DATASET CONTENT ::
————————
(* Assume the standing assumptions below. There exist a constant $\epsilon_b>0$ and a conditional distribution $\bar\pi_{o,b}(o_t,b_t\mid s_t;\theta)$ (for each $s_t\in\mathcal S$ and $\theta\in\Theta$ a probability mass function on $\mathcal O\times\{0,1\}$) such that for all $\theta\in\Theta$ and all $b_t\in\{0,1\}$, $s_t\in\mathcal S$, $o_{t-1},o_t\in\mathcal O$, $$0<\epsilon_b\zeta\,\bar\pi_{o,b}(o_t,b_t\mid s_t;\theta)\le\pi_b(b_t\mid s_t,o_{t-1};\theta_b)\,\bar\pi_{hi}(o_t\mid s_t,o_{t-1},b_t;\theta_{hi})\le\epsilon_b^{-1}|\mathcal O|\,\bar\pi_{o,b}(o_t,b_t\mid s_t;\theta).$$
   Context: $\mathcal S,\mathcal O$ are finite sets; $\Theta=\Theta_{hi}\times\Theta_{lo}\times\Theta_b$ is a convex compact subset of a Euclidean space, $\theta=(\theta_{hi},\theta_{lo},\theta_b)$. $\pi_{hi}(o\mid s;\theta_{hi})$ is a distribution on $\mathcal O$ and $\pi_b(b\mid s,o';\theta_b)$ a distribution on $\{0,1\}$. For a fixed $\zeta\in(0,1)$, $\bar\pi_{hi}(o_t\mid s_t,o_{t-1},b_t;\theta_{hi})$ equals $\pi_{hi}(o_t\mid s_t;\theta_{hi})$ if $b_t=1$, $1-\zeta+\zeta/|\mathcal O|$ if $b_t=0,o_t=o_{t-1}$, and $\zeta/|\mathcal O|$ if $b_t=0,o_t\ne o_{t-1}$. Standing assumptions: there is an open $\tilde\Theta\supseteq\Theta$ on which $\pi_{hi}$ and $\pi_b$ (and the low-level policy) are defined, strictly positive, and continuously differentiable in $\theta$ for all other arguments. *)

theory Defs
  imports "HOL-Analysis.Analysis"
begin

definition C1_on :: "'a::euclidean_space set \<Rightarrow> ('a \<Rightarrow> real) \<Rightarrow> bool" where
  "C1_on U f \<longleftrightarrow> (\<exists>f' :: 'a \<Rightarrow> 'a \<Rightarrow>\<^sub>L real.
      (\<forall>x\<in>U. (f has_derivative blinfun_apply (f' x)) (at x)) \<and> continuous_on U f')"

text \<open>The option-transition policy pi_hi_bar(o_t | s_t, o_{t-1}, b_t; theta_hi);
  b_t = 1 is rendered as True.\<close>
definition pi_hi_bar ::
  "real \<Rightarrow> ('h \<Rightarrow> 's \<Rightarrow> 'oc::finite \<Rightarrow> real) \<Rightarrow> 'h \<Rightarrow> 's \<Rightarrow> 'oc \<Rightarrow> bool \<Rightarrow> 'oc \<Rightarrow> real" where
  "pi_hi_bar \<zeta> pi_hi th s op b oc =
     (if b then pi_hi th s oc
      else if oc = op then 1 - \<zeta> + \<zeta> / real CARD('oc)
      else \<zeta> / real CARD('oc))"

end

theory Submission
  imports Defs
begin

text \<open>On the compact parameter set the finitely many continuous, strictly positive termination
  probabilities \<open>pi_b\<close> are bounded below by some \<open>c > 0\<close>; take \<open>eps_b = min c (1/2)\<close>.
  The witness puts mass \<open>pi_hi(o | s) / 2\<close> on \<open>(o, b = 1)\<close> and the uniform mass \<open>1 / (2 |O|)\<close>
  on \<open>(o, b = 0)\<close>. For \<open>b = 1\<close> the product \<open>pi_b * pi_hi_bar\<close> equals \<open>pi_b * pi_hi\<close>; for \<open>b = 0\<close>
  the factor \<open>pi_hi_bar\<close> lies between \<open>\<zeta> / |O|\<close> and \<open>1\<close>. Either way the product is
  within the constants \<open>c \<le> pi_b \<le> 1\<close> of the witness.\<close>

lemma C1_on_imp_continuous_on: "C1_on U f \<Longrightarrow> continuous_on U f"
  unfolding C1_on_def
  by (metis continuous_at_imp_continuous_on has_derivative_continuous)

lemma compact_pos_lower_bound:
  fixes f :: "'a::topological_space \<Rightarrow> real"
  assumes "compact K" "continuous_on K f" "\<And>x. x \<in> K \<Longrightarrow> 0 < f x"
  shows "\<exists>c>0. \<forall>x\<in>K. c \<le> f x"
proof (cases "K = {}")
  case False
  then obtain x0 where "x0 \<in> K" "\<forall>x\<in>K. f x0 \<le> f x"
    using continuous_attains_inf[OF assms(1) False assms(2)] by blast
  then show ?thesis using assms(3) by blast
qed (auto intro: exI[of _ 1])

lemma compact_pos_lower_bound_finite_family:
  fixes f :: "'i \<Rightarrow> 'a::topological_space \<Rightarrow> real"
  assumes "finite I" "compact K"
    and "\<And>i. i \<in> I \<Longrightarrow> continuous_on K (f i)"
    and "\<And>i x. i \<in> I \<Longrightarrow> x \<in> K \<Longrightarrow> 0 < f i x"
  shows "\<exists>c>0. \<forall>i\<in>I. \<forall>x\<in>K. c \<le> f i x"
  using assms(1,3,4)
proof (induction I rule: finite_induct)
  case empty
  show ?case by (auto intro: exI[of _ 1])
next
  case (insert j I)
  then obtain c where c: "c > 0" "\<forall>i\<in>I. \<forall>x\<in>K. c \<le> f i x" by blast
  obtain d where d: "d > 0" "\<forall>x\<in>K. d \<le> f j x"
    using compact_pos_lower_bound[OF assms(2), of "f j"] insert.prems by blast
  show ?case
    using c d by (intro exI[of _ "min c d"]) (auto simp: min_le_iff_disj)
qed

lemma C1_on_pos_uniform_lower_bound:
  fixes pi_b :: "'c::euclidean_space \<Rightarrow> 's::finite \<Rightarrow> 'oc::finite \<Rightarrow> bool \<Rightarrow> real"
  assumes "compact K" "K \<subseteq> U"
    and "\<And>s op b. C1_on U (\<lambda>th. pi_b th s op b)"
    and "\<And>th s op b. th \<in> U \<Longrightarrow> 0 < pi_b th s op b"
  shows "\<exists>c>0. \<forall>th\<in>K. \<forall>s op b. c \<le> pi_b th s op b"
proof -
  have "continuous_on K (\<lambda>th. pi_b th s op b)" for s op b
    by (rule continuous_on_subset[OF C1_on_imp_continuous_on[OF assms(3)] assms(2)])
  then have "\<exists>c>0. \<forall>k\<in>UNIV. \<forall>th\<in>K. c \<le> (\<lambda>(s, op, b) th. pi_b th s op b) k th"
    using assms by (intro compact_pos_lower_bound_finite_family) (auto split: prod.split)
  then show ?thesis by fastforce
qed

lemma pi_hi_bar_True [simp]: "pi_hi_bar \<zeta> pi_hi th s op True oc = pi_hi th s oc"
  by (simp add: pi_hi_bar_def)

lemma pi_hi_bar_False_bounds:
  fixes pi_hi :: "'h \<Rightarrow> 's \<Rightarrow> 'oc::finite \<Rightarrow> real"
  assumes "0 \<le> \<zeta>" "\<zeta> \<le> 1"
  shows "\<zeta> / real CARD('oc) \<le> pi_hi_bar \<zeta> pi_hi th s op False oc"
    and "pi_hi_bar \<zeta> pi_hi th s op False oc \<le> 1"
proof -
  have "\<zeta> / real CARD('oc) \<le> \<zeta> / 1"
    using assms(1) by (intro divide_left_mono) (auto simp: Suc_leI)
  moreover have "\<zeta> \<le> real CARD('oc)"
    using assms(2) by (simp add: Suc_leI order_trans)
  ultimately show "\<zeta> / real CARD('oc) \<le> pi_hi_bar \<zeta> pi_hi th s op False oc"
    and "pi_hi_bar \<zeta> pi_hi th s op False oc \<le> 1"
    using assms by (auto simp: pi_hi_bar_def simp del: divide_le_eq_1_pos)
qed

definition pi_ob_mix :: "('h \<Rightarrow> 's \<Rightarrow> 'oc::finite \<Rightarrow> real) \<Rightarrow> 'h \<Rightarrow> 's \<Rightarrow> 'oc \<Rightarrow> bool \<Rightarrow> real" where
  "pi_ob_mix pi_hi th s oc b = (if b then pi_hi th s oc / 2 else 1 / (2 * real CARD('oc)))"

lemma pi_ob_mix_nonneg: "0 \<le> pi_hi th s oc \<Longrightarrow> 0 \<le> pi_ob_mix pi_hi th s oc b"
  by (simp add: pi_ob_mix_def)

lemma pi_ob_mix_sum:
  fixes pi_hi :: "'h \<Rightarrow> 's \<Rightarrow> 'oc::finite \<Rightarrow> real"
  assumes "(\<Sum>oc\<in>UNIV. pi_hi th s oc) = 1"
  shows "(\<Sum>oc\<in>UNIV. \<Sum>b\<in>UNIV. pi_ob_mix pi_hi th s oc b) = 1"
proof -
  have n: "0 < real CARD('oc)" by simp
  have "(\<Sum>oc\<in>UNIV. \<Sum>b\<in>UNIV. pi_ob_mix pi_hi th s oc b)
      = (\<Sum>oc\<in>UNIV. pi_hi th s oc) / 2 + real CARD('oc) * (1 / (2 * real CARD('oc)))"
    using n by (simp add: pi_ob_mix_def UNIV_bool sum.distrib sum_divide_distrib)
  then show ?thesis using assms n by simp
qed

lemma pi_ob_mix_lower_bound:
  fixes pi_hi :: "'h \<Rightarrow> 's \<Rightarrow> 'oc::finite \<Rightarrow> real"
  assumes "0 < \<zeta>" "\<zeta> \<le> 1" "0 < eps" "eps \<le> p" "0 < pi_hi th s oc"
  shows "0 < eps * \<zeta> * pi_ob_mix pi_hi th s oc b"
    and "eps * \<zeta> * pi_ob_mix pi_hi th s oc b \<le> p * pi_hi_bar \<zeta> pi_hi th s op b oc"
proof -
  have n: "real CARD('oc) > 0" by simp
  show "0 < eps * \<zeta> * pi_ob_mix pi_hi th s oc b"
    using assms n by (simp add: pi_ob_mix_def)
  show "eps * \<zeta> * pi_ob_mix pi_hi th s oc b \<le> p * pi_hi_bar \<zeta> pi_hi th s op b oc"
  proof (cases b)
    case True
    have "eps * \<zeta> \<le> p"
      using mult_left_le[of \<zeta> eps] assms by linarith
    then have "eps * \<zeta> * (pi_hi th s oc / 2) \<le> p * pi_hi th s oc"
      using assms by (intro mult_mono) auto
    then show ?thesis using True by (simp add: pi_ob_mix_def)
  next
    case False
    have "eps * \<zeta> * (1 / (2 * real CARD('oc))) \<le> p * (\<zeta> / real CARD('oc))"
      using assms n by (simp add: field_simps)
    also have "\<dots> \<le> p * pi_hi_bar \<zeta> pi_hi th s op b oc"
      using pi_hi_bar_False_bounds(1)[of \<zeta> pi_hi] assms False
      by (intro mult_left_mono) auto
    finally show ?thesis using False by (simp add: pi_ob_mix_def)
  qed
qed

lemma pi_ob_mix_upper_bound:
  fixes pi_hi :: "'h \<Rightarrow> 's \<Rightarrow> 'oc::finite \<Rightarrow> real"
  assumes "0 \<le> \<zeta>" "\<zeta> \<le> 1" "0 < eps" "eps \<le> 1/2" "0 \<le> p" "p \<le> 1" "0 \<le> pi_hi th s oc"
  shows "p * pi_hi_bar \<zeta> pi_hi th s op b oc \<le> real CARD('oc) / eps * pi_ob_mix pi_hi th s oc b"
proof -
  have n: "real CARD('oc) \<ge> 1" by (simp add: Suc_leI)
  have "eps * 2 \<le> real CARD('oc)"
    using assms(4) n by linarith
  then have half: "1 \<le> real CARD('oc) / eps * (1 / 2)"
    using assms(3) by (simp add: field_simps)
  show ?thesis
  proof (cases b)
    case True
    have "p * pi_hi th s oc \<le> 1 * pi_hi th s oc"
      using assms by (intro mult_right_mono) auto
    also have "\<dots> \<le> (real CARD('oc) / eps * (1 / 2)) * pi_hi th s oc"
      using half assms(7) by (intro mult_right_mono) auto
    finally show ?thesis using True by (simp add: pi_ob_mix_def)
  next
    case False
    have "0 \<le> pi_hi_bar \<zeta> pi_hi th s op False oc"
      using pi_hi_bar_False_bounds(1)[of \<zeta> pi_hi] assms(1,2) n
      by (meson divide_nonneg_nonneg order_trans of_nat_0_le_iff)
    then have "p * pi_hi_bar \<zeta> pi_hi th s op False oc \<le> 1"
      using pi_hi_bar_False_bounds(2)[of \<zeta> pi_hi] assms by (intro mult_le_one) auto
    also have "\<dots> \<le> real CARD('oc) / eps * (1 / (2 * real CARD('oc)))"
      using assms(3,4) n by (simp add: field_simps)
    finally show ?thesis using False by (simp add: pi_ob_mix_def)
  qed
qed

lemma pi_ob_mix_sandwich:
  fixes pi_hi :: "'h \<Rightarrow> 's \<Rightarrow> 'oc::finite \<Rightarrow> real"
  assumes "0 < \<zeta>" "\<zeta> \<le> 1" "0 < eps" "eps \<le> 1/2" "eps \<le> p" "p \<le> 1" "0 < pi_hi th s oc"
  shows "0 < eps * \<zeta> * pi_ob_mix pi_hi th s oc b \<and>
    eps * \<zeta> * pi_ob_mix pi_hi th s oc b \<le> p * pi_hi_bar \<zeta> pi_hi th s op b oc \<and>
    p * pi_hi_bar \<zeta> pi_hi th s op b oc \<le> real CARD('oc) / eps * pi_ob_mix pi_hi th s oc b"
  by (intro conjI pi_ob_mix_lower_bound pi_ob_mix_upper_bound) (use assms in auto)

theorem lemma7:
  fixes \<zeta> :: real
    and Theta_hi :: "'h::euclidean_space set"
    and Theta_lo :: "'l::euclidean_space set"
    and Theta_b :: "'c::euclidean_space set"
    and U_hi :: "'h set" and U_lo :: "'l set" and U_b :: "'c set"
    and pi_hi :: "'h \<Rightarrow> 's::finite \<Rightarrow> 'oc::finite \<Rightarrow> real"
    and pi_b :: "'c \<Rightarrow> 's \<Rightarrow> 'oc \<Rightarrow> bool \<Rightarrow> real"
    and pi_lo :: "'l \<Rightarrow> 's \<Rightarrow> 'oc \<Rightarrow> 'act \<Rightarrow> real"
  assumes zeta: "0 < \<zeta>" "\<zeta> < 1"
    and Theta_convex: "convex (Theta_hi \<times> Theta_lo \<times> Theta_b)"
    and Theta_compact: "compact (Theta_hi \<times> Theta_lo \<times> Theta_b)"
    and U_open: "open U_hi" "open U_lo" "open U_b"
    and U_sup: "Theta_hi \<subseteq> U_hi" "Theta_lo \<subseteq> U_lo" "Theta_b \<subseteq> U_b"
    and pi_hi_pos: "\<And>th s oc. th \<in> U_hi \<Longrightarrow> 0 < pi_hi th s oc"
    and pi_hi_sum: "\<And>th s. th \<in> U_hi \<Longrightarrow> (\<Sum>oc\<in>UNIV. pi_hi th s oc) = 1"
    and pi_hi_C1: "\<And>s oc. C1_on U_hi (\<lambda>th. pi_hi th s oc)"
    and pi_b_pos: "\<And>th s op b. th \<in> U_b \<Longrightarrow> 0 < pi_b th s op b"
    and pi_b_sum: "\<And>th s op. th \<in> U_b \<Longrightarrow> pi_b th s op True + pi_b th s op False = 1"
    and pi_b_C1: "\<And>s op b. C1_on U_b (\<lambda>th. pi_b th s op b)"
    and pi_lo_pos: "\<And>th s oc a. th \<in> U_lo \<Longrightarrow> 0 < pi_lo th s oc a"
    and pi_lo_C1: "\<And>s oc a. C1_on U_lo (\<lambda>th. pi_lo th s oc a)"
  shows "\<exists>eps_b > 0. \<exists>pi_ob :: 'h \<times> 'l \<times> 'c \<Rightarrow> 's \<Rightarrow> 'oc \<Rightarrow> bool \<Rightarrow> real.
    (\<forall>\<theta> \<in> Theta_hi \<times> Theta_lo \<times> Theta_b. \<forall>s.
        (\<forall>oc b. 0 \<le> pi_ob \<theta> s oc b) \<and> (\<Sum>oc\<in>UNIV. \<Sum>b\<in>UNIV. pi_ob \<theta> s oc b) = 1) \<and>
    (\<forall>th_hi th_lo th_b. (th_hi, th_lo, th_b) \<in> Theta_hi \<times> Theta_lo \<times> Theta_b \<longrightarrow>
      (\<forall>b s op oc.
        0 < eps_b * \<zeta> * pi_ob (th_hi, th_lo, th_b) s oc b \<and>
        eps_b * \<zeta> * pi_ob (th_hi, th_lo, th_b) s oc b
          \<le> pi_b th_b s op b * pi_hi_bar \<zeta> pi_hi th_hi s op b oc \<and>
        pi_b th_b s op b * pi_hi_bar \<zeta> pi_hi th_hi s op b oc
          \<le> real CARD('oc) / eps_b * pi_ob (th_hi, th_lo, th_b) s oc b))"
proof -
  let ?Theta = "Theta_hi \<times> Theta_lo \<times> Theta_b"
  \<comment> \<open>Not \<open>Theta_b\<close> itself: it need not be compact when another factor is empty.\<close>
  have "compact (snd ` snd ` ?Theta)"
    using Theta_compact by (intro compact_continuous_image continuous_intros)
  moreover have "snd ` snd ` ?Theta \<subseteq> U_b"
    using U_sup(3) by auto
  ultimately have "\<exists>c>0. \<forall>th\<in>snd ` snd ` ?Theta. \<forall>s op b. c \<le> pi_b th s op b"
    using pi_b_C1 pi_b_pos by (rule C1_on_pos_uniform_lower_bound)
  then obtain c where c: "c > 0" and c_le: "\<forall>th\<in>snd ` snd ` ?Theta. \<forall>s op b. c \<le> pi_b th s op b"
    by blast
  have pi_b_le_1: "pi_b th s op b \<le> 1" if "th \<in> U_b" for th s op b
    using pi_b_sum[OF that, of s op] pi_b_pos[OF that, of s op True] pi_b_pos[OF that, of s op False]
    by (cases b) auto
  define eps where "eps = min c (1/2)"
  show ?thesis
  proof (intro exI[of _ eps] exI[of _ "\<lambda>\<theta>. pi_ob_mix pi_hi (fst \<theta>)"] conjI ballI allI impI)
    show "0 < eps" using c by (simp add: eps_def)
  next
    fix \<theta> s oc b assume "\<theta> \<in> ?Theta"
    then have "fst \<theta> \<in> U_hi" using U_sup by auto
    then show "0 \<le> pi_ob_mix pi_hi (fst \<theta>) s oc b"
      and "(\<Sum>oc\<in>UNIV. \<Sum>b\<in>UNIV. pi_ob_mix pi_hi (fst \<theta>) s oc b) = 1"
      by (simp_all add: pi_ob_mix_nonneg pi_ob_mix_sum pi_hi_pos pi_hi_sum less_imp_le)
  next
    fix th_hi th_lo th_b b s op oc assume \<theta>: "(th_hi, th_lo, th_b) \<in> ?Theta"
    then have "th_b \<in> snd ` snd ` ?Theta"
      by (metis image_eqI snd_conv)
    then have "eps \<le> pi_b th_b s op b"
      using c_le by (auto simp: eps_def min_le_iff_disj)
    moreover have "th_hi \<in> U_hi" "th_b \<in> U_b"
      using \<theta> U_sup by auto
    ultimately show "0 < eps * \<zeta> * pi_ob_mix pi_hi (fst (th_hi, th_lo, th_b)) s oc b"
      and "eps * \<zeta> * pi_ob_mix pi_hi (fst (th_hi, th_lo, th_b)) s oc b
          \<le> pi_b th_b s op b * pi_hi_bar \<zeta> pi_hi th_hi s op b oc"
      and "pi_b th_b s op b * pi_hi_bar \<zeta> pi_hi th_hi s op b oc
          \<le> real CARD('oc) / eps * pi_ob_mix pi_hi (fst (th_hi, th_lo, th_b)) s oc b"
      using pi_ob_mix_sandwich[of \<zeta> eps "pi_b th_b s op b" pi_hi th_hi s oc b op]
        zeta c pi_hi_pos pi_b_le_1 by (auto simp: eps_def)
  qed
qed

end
————————
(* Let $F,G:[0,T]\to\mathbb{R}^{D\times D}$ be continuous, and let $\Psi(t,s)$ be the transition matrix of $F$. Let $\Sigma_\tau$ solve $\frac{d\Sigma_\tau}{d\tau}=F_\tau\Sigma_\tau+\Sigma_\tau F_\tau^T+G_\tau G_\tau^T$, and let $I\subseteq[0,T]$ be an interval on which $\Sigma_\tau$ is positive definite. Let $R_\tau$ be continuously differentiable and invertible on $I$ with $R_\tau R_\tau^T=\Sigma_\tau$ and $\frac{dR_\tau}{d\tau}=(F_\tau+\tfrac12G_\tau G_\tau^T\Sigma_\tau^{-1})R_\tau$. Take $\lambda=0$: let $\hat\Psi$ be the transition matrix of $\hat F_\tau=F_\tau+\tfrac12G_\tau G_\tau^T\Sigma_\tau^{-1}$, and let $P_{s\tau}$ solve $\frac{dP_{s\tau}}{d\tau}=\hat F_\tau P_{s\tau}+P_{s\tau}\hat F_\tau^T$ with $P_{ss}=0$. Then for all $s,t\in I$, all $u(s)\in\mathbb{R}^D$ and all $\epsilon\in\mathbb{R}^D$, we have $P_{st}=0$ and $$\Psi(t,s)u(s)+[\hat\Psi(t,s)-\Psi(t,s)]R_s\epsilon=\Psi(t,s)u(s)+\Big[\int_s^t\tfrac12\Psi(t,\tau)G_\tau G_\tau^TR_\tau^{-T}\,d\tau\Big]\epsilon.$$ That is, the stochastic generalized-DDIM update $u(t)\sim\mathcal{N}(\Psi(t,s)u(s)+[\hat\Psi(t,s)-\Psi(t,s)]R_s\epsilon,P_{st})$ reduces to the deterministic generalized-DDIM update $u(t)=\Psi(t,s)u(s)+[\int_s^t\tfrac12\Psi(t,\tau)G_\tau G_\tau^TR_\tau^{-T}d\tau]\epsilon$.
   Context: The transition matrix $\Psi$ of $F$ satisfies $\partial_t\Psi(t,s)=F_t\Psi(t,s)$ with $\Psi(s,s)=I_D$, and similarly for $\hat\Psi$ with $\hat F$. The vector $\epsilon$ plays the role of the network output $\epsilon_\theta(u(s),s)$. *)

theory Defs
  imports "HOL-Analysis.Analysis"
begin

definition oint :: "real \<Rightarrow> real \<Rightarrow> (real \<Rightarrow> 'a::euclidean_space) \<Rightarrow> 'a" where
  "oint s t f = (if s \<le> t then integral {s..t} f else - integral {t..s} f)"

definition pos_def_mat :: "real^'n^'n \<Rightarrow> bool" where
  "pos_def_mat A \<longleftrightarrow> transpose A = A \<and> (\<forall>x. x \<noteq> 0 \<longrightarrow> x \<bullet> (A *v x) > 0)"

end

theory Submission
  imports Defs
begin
————————
WORK INSTRUCTION :: Write down, word for word, the lines above from the one containing "th s oc b \<and>" through the one containing "oc. C1_on U_hi", both ends included.

RESPONSE TO THIS TASK ::
  shows "0 < eps * \<zeta> * pi_ob_mix pi_hi th s oc b \<and>
    eps * \<zeta> * pi_ob_mix pi_hi th s oc b \<le> p * pi_hi_bar \<zeta> pi_hi th s op b oc \<and>
    p * pi_hi_bar \<zeta> pi_hi th s op b oc \<le> real CARD('oc) / eps * pi_ob_mix pi_hi th s oc b"
  by (intro conjI pi_ob_mix_lower_bound pi_ob_mix_upper_bound) (use assms in auto)

theorem lemma7:
  fixes \<zeta> :: real
    and Theta_hi :: "'h::euclidean_space set"
    and Theta_lo :: "'l::euclidean_space set"
    and Theta_b :: "'c::euclidean_space set"
    and U_hi :: "'h set" and U_lo :: "'l set" and U_b :: "'c set"
    and pi_hi :: "'h \<Rightarrow> 's::finite \<Rightarrow> 'oc::finite \<Rightarrow> real"
    and pi_b :: "'c \<Rightarrow> 's \<Rightarrow> 'oc \<Rightarrow> bool \<Rightarrow> real"
    and pi_lo :: "'l \<Rightarrow> 's \<Rightarrow> 'oc \<Rightarrow> 'act \<Rightarrow> real"
  assumes zeta: "0 < \<zeta>" "\<zeta> < 1"
    and Theta_convex: "convex (Theta_hi \<times> Theta_lo \<times> Theta_b)"
    and Theta_compact: "compact (Theta_hi \<times> Theta_lo \<times> Theta_b)"
    and U_open: "open U_hi" "open U_lo" "open U_b"
    and U_sup: "Theta_hi \<subseteq> U_hi" "Theta_lo \<subseteq> U_lo" "Theta_b \<subseteq> U_b"
    and pi_hi_pos: "\<And>th s oc. th \<in> U_hi \<Longrightarrow> 0 < pi_hi th s oc"
    and pi_hi_sum: "\<And>th s. th \<in> U_hi \<Longrightarrow> (\<Sum>oc\<in>UNIV. pi_hi th s oc) = 1"
    and pi_hi_C1: "\<And>s oc. C1_on U_hi (\<lambda>th. pi_hi th s oc)"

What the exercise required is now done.